##### EXERCISE MATERIALS
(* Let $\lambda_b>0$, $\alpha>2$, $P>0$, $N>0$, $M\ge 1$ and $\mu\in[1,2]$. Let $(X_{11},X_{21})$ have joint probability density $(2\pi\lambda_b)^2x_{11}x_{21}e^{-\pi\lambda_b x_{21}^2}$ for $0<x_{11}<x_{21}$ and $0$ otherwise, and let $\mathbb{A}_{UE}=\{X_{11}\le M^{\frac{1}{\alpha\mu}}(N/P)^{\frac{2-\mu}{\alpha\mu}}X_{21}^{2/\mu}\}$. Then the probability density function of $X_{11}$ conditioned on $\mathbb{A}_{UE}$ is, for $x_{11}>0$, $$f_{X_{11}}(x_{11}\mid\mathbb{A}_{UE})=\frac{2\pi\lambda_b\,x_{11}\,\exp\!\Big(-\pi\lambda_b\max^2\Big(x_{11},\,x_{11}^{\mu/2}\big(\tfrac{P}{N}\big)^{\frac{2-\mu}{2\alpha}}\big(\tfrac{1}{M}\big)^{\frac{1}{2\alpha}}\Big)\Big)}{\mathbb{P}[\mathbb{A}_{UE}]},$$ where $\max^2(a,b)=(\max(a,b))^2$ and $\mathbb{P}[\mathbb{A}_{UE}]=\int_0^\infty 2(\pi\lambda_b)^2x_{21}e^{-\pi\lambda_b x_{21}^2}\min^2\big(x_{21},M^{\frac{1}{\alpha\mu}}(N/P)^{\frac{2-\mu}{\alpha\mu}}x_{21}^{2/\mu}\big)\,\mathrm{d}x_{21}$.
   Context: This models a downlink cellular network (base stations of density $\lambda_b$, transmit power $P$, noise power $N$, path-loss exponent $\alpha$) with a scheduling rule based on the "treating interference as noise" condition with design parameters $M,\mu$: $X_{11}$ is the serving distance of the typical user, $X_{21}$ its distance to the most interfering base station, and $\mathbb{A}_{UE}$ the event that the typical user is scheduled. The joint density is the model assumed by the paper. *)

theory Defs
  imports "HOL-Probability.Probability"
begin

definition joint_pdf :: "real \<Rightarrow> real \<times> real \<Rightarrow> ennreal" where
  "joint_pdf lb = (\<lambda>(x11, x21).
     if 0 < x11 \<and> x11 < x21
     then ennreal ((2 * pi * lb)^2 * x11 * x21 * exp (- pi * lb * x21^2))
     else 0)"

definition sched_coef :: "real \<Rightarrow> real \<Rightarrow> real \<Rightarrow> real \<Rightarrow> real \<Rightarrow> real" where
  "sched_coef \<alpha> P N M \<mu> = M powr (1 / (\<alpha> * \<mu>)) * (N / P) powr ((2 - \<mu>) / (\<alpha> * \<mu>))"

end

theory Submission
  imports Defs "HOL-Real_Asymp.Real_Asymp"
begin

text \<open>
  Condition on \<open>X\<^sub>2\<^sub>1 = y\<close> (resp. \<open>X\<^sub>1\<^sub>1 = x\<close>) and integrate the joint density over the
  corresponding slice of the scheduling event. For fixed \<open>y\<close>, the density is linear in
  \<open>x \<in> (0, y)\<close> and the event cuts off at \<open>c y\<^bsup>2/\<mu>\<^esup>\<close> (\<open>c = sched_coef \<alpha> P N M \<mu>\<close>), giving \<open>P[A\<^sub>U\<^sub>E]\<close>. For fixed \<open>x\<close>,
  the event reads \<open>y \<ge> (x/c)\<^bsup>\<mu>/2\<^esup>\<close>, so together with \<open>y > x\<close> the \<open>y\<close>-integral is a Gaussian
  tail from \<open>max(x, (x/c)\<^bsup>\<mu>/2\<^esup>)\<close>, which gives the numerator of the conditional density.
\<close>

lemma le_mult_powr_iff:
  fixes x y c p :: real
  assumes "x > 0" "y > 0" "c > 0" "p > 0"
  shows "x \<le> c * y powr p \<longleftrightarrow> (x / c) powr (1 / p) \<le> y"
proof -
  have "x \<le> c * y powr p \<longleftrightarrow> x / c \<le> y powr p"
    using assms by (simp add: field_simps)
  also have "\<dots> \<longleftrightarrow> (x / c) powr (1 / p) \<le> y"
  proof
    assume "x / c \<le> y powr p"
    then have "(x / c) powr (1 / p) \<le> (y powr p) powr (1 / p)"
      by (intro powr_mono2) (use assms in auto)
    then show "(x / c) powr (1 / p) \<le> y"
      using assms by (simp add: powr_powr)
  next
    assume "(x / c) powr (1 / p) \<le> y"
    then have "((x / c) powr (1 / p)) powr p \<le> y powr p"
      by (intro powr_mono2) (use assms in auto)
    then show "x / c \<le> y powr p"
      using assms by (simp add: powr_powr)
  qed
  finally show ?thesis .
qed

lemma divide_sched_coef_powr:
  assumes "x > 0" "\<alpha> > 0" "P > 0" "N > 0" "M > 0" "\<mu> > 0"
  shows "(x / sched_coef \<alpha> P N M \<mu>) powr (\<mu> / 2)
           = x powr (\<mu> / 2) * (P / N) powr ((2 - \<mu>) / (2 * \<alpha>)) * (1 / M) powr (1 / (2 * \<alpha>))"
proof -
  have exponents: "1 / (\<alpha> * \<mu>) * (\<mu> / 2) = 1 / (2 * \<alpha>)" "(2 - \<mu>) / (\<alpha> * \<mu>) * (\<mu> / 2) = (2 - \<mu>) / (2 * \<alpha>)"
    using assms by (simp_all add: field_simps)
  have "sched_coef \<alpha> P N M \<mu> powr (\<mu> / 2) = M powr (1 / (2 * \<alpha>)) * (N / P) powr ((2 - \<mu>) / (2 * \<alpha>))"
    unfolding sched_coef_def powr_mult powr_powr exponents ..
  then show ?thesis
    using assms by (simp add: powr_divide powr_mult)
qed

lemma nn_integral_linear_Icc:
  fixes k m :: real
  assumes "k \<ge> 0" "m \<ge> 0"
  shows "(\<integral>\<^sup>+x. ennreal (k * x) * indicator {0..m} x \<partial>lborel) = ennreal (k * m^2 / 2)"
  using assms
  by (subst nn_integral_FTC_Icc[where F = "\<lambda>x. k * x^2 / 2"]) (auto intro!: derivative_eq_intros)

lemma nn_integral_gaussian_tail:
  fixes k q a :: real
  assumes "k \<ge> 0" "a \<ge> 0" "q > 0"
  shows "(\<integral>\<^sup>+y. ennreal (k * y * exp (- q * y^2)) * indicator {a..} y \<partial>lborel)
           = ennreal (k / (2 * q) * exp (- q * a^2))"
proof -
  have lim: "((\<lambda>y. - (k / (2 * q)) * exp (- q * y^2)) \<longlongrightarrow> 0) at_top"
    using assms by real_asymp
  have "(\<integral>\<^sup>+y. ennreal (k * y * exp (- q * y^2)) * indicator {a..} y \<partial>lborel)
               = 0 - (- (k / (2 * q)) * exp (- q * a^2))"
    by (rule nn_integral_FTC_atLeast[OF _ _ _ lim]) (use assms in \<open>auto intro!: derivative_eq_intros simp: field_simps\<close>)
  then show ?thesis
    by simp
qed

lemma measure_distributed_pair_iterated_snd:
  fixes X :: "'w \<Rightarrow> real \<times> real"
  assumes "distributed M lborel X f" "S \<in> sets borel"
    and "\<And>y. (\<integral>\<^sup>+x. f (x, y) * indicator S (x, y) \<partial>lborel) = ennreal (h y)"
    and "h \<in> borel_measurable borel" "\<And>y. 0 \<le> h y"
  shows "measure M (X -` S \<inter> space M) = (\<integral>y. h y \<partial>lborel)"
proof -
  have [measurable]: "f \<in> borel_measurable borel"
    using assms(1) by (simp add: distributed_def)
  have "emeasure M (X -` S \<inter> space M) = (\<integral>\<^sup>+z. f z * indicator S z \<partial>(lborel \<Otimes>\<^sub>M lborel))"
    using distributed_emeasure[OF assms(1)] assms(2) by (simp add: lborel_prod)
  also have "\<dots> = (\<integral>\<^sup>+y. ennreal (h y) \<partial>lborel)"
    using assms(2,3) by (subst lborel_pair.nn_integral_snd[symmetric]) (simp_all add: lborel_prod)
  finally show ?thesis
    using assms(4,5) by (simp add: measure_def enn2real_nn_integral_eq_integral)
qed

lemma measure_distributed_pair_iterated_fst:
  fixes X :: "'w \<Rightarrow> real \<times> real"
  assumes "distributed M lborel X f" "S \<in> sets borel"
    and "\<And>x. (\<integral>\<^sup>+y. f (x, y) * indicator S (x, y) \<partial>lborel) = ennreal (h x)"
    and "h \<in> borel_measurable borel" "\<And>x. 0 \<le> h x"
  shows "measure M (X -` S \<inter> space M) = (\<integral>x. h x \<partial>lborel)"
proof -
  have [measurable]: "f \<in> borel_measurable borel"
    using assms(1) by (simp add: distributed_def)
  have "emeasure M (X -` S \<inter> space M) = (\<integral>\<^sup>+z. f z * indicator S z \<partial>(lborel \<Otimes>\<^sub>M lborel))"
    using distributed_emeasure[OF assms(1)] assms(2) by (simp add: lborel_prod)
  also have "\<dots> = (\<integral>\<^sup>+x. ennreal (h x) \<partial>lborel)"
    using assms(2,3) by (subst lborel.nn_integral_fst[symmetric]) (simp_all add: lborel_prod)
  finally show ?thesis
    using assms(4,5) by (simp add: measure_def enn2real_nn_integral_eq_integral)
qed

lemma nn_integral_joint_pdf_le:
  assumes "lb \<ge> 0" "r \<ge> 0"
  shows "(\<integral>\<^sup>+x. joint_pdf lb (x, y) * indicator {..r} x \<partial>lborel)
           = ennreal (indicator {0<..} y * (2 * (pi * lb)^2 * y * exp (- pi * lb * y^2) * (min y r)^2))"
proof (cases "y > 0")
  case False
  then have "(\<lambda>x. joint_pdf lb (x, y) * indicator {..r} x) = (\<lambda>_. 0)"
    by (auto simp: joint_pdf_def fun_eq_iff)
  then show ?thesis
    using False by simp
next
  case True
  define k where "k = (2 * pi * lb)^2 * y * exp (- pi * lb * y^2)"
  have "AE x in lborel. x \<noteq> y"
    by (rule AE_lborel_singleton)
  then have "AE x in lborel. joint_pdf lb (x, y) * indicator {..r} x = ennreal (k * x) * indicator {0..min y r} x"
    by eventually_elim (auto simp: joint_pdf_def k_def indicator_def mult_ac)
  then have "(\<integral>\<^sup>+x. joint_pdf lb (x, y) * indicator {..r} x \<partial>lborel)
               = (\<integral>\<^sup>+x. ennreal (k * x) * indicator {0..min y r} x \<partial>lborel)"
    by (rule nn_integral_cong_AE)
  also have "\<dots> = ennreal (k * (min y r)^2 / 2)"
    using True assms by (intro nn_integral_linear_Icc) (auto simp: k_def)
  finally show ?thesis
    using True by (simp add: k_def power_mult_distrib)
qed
##########
##### EXERCISE MATERIALS
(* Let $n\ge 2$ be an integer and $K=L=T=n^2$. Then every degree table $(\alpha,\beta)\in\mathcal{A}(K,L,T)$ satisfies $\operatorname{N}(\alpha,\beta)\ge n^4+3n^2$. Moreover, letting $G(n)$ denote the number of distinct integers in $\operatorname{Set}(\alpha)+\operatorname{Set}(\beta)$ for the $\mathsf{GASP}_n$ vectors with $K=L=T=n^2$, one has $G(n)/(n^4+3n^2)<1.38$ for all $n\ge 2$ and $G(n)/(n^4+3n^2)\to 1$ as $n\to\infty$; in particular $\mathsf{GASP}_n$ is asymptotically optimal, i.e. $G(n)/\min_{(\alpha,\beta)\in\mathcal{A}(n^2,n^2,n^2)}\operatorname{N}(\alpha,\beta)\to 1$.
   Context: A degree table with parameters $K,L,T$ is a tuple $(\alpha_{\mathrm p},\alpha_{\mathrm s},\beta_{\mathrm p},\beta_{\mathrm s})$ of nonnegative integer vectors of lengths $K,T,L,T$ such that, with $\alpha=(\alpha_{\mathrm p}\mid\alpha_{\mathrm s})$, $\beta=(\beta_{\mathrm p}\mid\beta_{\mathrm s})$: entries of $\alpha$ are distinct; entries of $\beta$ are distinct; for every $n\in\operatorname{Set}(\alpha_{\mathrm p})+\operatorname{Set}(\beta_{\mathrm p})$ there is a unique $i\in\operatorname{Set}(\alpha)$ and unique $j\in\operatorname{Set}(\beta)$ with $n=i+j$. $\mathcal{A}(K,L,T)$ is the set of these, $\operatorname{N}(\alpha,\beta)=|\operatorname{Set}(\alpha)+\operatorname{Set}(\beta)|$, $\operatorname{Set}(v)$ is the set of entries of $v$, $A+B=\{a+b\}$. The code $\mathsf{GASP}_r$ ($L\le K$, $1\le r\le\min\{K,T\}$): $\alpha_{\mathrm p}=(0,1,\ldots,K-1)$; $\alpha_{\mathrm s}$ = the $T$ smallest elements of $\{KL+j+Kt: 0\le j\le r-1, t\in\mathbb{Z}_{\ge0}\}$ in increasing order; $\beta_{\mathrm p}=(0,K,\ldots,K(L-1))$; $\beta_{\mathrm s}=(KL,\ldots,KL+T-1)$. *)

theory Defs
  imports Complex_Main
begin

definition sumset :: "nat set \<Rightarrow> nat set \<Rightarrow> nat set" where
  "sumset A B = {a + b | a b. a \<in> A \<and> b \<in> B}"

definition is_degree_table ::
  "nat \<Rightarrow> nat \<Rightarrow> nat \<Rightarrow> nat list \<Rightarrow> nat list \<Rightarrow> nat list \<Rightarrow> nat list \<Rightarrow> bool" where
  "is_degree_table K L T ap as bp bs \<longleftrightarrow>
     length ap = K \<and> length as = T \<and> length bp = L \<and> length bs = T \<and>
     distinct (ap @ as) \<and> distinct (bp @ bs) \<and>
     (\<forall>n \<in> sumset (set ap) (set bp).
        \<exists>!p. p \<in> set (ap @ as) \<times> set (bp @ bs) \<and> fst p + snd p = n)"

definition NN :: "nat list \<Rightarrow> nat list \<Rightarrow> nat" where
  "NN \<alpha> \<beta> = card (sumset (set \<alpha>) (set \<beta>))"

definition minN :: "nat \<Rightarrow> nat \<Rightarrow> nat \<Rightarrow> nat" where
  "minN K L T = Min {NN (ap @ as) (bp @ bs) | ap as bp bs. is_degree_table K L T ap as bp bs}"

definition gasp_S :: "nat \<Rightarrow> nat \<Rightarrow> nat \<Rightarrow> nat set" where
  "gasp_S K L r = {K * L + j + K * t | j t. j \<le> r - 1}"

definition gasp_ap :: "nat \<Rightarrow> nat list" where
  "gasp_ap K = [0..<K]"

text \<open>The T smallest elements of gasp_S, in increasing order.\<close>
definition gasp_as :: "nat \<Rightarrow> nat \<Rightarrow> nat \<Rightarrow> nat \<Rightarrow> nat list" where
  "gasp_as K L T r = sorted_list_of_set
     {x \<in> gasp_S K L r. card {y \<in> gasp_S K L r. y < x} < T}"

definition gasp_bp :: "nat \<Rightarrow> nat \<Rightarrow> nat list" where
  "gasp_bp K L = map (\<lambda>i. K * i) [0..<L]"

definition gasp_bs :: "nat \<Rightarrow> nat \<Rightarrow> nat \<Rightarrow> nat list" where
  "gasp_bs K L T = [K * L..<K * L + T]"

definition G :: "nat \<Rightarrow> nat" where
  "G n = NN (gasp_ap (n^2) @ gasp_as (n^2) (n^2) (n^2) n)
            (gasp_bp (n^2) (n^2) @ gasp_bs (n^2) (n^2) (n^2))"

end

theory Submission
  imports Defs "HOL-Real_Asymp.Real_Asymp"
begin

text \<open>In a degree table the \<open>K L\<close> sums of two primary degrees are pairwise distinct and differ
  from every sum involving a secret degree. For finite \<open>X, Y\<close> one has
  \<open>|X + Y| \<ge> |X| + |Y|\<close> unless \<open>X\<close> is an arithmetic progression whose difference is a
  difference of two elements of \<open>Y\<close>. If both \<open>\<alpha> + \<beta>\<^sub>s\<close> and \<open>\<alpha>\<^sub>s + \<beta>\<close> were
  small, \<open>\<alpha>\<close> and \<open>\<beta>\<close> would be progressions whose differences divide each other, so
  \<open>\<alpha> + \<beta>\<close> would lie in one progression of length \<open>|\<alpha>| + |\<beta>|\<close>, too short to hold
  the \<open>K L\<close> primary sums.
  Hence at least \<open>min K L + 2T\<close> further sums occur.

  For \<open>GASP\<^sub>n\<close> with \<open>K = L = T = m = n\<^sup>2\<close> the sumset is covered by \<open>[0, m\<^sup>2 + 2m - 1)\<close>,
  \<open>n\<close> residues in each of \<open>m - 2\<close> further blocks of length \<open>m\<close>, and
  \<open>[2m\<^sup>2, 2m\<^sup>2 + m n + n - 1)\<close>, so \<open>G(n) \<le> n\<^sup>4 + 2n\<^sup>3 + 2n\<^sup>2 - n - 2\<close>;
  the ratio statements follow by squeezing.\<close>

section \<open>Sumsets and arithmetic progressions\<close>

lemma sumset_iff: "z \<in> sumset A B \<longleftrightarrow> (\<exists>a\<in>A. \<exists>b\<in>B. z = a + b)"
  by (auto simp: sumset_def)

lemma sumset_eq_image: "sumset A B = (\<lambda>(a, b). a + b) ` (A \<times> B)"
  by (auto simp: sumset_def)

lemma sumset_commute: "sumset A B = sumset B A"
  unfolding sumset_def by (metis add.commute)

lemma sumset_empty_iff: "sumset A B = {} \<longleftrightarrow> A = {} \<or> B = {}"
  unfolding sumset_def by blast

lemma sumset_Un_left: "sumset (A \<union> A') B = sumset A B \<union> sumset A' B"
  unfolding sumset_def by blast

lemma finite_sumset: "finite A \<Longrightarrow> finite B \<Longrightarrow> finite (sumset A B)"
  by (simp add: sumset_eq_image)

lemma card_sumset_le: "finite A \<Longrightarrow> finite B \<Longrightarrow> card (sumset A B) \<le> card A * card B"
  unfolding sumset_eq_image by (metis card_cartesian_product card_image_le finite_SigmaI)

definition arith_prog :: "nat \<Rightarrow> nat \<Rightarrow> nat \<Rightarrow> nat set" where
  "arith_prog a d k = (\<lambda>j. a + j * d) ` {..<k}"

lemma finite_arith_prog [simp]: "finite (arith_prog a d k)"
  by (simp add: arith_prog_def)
##########
• [HOW TO COMPLETE THIS TASK]:
Some lines of the data above may hold the word "unfolding"; report how many do, and nothing else.

• [RESPONSE]:
5